● Exercise input
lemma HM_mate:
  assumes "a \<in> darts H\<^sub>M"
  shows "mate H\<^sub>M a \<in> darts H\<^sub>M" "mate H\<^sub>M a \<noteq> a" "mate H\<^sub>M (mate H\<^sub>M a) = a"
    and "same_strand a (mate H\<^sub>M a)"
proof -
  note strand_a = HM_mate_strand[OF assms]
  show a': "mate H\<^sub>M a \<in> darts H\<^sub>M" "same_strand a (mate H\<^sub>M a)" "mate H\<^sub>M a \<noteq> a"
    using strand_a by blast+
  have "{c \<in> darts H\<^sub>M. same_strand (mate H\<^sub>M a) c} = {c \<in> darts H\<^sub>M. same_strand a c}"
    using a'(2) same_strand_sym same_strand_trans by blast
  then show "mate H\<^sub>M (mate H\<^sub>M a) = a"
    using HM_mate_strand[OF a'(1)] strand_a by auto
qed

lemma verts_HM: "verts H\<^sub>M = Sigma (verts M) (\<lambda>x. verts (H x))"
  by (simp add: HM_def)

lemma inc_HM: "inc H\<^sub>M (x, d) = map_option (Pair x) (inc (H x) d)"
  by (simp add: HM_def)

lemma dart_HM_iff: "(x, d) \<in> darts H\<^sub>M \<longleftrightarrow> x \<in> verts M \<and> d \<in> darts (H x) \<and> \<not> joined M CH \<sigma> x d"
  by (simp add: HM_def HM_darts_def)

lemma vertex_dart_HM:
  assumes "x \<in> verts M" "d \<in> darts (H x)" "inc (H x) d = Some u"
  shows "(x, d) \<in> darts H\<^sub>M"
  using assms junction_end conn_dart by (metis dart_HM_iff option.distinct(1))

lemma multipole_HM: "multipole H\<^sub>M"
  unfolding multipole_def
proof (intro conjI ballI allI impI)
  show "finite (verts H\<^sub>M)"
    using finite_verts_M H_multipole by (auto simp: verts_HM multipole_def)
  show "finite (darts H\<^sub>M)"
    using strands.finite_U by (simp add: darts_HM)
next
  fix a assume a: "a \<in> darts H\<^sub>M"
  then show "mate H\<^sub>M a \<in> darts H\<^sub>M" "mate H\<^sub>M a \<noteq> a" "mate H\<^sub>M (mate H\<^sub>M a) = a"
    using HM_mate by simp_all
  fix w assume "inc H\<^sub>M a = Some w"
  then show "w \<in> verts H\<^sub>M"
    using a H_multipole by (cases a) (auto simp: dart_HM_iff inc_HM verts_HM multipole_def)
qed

--

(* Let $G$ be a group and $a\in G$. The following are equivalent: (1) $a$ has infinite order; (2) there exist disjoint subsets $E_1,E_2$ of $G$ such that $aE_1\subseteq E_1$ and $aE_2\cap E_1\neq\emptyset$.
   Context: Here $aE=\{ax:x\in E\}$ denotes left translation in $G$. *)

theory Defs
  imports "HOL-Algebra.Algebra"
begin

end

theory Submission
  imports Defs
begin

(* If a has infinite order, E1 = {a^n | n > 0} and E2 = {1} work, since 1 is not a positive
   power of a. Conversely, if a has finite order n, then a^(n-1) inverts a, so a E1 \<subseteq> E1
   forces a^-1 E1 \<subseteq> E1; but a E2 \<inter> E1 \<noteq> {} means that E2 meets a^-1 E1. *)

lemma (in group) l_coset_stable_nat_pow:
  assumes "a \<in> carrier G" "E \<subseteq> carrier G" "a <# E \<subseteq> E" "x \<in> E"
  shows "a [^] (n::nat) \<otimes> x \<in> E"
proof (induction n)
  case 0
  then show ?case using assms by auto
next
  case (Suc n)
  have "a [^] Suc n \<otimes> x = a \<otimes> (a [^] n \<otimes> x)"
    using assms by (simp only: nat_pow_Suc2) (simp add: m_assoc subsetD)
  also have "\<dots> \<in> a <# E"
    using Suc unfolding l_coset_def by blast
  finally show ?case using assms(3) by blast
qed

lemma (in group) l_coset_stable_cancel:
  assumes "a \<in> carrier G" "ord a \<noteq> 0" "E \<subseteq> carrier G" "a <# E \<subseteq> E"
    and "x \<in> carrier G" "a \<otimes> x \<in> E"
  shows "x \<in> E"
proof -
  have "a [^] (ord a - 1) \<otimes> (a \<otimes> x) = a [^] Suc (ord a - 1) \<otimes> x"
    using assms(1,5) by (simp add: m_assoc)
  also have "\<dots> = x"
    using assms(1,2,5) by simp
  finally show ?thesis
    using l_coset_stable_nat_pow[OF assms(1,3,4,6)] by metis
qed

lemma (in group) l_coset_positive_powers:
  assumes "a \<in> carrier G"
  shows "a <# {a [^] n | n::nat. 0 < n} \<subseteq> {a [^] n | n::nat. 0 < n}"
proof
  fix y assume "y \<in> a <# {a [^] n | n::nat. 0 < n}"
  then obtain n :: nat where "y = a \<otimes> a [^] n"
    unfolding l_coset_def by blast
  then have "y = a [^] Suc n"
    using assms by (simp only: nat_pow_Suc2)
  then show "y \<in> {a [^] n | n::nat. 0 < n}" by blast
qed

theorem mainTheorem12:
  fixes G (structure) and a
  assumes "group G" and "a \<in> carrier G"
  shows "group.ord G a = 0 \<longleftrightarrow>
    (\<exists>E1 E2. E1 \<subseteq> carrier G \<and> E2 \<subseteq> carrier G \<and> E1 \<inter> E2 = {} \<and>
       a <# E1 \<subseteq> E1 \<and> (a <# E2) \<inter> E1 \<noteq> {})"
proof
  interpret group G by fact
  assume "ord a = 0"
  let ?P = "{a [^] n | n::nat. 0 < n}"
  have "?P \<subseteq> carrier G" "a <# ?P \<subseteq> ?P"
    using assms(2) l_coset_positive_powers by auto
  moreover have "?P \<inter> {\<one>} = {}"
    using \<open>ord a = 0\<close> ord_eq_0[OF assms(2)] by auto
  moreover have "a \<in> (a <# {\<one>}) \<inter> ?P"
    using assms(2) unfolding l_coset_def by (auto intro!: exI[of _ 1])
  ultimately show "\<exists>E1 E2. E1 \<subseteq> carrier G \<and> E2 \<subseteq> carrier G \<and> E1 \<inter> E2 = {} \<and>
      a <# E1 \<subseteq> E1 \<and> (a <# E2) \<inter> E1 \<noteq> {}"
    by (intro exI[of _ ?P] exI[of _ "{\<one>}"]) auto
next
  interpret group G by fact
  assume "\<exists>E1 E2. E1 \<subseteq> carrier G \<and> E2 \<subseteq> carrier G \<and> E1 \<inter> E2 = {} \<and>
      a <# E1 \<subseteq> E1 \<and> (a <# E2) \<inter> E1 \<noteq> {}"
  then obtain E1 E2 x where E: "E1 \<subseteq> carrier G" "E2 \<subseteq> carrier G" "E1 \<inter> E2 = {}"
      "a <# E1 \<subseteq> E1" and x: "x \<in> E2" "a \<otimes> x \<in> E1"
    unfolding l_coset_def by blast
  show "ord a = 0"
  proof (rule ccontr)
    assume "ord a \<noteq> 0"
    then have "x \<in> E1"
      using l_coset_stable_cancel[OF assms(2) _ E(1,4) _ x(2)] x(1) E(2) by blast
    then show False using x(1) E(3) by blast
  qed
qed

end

● How to complete this task
Filter the entries above down to the lines containing the word "then".

● Task answer
  then show "mate H\<^sub>M (mate H\<^sub>M a) = a"
  then show "mate H\<^sub>M a \<in> darts H\<^sub>M" "mate H\<^sub>M a \<noteq> a" "mate H\<^sub>M (mate H\<^sub>M a) = a"
  then show "w \<in> verts H\<^sub>M"
   power of a. Conversely, if a has finite order n, then a^(n-1) inverts a, so a E1 \<subseteq> E1
  then show ?case using assms by auto
  then obtain n :: nat where "y = a \<otimes> a [^] n"
  then have "y = a [^] Suc n"
  then show "y \<in> {a [^] n | n::nat. 0 < n}" by blast
  then obtain E1 E2 x where E: "E1 \<subseteq> carrier G" "E2 \<subseteq> carrier G" "E1 \<inter> E2 = {}"
    then have "x \<in> E1"
    then show False using x(1) E(3) by blast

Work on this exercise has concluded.